### [Task requirements]
Please restate, word for word, the lines below that begin at the one with "(* Scale the" and end at the one with "reserved arc (a, b)". Leave out all other lines.

### [Items from a data source]
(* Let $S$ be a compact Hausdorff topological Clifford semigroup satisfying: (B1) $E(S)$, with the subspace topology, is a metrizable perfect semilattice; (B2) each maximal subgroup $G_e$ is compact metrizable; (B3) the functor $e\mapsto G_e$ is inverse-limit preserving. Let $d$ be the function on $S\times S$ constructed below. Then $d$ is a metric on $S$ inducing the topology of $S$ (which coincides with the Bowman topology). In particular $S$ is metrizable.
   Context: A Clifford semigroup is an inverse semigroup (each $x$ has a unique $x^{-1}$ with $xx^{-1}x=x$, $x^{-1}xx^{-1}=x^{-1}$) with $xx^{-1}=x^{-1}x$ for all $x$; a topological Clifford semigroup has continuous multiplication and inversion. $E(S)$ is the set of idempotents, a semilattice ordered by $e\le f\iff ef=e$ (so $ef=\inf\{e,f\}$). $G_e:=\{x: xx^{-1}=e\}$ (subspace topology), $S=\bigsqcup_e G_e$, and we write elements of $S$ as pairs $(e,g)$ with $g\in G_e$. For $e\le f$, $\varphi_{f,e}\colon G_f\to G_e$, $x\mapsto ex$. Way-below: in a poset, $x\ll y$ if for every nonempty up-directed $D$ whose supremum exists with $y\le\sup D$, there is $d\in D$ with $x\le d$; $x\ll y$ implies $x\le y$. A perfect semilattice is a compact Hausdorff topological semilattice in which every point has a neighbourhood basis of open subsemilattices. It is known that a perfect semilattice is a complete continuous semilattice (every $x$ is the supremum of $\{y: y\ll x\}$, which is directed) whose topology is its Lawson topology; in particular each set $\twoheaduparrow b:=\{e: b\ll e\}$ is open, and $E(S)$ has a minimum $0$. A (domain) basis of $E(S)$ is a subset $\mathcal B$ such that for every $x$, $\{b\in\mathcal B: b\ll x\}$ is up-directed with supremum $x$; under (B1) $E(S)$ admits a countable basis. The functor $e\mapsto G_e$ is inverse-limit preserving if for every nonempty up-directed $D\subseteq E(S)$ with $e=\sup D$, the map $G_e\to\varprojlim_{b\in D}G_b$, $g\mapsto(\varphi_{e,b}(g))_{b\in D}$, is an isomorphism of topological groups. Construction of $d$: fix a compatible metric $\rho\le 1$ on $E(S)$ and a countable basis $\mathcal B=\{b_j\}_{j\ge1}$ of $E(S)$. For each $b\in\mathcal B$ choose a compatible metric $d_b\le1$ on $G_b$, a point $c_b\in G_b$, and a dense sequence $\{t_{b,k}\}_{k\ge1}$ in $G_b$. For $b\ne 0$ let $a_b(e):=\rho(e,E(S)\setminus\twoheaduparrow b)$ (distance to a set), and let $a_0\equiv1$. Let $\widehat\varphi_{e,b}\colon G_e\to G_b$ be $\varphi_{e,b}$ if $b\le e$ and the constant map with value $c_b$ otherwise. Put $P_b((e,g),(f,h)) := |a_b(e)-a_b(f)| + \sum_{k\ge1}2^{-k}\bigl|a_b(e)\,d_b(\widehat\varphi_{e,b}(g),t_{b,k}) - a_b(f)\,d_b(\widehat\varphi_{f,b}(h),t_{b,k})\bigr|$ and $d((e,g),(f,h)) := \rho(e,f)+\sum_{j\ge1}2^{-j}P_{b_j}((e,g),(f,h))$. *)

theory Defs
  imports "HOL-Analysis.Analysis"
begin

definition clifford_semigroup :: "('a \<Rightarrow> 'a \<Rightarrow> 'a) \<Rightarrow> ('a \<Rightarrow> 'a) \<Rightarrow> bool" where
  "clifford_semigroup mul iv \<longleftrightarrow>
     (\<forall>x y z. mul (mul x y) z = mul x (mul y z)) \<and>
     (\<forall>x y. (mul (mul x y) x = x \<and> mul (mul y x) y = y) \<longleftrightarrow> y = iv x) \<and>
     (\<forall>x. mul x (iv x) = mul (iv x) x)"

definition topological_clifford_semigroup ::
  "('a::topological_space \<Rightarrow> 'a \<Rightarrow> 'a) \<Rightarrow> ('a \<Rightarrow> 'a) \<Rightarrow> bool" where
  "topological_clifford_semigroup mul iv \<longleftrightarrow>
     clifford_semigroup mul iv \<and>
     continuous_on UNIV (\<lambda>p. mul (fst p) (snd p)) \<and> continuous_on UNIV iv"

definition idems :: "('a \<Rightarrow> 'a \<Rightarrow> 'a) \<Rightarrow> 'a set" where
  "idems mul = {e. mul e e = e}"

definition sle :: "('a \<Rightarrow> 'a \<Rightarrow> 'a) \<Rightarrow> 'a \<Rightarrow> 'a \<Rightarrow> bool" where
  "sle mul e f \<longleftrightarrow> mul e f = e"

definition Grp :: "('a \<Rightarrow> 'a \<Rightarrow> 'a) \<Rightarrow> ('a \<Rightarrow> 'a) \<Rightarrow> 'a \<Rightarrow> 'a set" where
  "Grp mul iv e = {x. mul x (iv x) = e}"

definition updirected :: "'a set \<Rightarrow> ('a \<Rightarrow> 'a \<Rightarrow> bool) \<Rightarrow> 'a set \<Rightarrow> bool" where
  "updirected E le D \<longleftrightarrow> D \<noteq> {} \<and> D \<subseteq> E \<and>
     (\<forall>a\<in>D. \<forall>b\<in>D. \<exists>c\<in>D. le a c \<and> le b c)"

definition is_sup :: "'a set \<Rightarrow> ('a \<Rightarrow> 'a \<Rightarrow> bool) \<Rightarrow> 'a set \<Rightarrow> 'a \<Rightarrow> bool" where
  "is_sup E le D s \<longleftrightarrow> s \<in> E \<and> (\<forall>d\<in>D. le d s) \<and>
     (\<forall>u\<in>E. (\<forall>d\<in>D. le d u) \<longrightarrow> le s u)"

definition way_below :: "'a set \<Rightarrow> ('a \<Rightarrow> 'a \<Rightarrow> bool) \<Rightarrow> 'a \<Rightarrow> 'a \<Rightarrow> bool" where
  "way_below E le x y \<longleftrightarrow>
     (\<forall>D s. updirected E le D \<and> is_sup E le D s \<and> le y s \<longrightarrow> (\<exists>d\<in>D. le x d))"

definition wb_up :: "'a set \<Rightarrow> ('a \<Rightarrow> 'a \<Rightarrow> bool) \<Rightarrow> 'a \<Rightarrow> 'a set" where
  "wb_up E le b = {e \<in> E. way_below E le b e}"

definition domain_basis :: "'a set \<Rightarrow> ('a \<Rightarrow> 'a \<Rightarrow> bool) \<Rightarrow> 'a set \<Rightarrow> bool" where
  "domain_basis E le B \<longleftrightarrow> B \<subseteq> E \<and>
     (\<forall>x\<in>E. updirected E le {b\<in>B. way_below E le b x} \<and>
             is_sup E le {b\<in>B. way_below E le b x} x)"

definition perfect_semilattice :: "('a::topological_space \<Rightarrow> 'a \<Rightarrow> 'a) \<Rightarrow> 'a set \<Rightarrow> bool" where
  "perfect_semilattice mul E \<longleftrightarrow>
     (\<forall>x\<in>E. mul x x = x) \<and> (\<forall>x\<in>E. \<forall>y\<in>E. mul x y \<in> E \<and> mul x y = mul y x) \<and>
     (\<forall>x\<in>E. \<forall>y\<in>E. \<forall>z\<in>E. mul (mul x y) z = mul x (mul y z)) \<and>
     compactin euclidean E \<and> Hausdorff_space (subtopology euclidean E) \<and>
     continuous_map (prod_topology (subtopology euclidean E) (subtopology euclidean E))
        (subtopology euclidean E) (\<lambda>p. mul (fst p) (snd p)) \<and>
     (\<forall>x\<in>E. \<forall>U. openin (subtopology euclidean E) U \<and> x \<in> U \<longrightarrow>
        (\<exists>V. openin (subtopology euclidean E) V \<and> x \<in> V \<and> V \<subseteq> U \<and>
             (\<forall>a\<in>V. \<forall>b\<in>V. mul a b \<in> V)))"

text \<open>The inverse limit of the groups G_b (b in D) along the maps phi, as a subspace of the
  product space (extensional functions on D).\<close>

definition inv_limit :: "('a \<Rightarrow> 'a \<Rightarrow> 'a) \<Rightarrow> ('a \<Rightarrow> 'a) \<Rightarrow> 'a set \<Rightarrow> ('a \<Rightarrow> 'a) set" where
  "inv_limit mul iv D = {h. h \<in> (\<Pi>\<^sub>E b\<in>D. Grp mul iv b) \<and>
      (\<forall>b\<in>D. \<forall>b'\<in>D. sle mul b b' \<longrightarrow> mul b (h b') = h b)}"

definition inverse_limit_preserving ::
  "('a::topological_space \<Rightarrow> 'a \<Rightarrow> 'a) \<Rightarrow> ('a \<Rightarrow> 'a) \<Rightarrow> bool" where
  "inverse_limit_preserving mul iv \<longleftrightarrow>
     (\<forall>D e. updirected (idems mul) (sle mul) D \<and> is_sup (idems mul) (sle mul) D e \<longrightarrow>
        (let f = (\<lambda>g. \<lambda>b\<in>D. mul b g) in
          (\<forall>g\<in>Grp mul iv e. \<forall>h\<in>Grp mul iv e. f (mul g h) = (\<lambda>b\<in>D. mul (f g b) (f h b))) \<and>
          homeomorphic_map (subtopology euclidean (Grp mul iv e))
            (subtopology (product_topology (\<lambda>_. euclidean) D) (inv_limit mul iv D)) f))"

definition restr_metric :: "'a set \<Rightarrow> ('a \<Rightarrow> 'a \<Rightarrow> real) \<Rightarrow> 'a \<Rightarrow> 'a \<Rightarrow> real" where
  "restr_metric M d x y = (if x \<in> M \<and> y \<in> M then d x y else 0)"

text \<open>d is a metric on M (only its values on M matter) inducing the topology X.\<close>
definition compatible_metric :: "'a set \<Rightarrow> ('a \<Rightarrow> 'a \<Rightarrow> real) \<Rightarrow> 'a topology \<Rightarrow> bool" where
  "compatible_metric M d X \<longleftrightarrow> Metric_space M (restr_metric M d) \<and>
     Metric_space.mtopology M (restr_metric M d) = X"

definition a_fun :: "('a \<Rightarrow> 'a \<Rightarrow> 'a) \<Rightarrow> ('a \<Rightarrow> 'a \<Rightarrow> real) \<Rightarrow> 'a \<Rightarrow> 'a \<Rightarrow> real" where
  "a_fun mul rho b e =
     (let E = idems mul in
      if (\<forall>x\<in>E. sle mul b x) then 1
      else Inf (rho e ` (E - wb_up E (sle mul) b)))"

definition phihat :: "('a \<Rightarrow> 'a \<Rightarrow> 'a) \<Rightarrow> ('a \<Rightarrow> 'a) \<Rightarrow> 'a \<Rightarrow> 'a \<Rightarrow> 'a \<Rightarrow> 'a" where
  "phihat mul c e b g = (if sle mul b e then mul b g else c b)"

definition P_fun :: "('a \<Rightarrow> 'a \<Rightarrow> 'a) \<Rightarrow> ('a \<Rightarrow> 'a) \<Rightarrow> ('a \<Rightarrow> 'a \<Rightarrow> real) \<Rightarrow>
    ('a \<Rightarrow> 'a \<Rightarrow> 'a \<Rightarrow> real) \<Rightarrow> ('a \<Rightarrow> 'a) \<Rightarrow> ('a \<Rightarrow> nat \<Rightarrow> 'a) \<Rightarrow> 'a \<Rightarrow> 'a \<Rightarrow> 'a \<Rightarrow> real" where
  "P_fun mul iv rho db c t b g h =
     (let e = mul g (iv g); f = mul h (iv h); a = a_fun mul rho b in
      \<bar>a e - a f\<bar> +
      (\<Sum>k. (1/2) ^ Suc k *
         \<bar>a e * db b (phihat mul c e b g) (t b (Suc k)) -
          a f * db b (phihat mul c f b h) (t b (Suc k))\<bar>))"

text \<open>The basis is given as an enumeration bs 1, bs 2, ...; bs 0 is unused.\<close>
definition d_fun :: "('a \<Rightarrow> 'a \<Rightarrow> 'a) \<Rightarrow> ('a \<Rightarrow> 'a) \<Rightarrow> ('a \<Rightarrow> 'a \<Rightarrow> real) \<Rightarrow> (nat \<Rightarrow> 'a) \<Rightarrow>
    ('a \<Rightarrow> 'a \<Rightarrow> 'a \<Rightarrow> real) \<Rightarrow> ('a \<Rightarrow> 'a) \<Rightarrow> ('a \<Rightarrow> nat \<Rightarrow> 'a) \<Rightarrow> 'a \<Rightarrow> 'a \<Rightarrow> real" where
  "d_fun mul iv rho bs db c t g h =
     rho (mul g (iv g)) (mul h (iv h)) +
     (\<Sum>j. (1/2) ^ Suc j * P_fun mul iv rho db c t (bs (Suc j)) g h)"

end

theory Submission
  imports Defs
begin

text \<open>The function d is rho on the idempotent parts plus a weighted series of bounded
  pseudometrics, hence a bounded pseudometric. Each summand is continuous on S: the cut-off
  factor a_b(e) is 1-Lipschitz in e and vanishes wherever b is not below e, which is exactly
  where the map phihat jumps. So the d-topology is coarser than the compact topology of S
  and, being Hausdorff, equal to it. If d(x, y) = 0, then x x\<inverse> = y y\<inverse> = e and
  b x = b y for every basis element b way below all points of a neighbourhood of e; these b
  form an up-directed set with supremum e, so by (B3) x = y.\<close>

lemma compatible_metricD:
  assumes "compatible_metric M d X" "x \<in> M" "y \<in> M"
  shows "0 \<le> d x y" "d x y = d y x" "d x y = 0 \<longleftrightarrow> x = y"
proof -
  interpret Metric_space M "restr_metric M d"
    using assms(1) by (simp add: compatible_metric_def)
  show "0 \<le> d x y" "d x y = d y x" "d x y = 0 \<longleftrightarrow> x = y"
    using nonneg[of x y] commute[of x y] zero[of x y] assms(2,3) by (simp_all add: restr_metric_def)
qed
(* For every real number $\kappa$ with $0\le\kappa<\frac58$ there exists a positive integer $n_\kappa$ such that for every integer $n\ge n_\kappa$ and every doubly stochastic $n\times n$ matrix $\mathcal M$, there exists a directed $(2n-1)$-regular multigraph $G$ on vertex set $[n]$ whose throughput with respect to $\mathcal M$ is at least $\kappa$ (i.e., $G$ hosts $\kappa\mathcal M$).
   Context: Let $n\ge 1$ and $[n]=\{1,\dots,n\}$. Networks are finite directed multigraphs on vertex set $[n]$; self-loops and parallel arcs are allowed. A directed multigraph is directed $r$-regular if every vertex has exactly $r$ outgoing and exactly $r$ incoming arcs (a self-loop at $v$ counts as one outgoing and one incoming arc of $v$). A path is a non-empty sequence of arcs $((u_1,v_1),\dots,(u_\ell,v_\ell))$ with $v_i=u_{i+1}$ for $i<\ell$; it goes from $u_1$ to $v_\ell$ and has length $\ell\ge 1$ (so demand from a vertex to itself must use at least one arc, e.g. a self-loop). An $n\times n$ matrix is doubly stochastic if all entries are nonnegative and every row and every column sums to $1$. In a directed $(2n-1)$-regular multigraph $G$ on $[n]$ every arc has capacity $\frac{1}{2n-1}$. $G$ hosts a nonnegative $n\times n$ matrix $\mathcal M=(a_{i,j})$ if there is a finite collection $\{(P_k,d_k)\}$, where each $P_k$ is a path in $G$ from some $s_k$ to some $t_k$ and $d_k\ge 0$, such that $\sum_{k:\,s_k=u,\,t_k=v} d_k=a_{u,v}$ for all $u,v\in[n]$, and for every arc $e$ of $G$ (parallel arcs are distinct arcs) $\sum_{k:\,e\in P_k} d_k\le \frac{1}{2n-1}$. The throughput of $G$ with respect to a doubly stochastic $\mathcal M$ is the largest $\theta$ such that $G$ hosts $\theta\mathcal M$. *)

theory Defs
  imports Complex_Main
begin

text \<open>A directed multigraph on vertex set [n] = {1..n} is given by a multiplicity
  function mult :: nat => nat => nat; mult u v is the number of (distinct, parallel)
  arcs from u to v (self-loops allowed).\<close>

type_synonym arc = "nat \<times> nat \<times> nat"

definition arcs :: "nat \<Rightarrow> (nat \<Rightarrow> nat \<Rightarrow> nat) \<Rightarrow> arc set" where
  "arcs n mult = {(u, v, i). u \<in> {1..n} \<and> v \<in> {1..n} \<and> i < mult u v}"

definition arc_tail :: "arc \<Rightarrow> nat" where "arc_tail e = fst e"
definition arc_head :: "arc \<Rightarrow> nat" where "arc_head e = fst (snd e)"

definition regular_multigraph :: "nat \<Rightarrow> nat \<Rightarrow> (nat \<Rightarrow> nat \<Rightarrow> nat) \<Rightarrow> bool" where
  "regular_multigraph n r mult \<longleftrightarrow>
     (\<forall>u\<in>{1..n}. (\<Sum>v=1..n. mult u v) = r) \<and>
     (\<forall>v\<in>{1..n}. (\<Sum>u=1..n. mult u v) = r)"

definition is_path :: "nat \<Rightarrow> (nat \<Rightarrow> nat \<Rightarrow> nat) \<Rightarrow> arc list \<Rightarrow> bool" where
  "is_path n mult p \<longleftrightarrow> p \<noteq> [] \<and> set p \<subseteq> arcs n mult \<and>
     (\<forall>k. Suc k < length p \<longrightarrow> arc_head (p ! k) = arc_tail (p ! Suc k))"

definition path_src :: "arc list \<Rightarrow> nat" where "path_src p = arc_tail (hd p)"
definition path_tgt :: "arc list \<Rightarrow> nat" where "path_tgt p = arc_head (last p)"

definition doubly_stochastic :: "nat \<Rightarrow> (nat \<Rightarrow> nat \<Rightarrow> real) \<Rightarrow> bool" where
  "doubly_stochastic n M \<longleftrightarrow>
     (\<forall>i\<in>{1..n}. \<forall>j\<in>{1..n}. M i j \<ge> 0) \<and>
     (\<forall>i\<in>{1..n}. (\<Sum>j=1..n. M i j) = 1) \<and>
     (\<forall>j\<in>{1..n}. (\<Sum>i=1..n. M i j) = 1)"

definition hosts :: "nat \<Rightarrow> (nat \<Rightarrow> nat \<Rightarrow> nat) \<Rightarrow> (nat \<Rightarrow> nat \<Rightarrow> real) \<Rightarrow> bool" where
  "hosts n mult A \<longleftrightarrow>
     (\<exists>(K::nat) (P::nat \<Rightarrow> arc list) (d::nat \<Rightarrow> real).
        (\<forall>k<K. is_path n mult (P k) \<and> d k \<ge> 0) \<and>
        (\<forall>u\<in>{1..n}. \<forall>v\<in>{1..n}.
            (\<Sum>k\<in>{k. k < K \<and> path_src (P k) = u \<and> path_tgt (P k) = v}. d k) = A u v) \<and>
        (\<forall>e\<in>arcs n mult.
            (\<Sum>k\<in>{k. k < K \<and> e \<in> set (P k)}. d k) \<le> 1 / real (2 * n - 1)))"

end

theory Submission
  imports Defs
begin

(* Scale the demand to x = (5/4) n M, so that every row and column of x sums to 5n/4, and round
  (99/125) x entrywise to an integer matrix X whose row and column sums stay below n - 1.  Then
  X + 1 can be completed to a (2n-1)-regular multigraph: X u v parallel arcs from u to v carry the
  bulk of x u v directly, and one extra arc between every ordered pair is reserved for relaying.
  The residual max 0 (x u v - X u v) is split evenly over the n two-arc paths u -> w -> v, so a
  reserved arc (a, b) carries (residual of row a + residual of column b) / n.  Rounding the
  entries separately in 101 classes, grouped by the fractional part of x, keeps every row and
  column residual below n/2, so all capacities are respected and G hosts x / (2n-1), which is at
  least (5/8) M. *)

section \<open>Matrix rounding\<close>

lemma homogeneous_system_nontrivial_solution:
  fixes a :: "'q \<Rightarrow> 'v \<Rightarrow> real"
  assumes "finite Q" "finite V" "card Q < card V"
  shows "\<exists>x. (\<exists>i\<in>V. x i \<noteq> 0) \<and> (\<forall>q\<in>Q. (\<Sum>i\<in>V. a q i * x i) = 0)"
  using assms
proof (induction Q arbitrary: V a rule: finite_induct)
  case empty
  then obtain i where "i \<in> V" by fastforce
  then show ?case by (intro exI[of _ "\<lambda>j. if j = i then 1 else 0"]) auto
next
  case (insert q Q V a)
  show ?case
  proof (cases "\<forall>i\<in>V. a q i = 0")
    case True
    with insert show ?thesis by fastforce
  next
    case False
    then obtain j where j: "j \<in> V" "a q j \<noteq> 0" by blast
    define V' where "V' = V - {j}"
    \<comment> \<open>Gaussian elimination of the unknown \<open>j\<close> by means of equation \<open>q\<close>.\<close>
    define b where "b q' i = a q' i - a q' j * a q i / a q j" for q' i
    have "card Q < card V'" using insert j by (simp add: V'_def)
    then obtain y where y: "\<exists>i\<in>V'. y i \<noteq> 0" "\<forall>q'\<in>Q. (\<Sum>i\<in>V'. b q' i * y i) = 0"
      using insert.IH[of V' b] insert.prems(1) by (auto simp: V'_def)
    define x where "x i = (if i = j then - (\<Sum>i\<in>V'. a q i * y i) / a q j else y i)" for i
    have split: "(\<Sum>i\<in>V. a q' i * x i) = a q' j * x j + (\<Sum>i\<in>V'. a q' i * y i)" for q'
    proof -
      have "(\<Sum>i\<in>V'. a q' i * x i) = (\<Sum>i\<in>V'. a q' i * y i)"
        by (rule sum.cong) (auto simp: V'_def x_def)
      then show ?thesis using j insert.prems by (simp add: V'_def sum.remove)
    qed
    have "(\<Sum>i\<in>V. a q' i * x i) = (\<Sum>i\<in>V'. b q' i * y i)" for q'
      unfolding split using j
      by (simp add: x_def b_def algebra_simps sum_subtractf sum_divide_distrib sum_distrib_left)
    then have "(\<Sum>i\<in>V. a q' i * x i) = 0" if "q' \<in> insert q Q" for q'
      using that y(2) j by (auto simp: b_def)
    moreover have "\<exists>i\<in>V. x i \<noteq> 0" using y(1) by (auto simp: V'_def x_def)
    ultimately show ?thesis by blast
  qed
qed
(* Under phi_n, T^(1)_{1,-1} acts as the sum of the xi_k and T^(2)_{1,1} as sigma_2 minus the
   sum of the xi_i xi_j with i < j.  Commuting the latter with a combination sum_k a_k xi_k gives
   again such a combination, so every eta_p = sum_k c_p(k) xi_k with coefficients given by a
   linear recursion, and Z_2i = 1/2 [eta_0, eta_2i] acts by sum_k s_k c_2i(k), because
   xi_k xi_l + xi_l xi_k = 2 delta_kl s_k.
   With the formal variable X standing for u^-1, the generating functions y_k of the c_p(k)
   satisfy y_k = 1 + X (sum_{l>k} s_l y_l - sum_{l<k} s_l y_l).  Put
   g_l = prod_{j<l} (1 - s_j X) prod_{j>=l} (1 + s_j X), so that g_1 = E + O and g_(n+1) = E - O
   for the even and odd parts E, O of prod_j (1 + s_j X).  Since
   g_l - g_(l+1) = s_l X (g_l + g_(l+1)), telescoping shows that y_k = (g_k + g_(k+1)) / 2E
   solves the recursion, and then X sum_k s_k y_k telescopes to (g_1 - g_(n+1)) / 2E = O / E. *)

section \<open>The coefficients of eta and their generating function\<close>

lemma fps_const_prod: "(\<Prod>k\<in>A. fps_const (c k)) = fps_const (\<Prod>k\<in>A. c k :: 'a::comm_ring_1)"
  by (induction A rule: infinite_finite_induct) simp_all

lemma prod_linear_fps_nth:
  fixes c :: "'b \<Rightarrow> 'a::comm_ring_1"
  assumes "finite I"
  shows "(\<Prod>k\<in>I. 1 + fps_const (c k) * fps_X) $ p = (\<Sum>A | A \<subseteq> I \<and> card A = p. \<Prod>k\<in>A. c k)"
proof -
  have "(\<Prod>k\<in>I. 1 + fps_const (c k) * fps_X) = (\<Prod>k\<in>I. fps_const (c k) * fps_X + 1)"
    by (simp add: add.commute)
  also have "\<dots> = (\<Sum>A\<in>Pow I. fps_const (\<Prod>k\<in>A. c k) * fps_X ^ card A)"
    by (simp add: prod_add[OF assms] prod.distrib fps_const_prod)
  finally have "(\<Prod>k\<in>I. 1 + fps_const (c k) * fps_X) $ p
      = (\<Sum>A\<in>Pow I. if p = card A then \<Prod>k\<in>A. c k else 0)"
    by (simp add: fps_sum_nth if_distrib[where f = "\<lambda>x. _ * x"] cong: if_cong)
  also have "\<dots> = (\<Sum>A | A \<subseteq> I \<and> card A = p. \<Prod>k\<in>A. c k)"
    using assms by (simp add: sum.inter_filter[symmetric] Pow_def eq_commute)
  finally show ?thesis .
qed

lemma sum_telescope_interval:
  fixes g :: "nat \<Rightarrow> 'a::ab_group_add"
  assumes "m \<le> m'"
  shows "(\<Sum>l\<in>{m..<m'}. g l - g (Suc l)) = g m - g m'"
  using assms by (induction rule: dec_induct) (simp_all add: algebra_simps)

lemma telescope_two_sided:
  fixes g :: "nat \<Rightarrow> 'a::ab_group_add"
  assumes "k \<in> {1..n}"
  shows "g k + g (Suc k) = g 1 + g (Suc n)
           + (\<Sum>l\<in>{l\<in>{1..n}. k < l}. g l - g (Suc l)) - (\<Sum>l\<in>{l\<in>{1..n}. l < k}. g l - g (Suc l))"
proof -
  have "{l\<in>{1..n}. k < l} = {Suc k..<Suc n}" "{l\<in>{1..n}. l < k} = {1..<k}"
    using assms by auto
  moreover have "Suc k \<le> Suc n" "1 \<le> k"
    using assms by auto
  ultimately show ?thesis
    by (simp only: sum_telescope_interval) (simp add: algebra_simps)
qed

### [Task response]
(* Scale the demand to x = (5/4) n M, so that every row and column of x sums to 5n/4, and round
  (99/125) x entrywise to an integer matrix X whose row and column sums stay below n - 1.  Then
  X + 1 can be completed to a (2n-1)-regular multigraph: X u v parallel arcs from u to v carry the
  bulk of x u v directly, and one extra arc between every ordered pair is reserved for relaying.
  The residual max 0 (x u v - X u v) is split evenly over the n two-arc paths u -> w -> v, so a
  reserved arc (a, b) carries (residual of row a + residual of column b) / n.  Rounding the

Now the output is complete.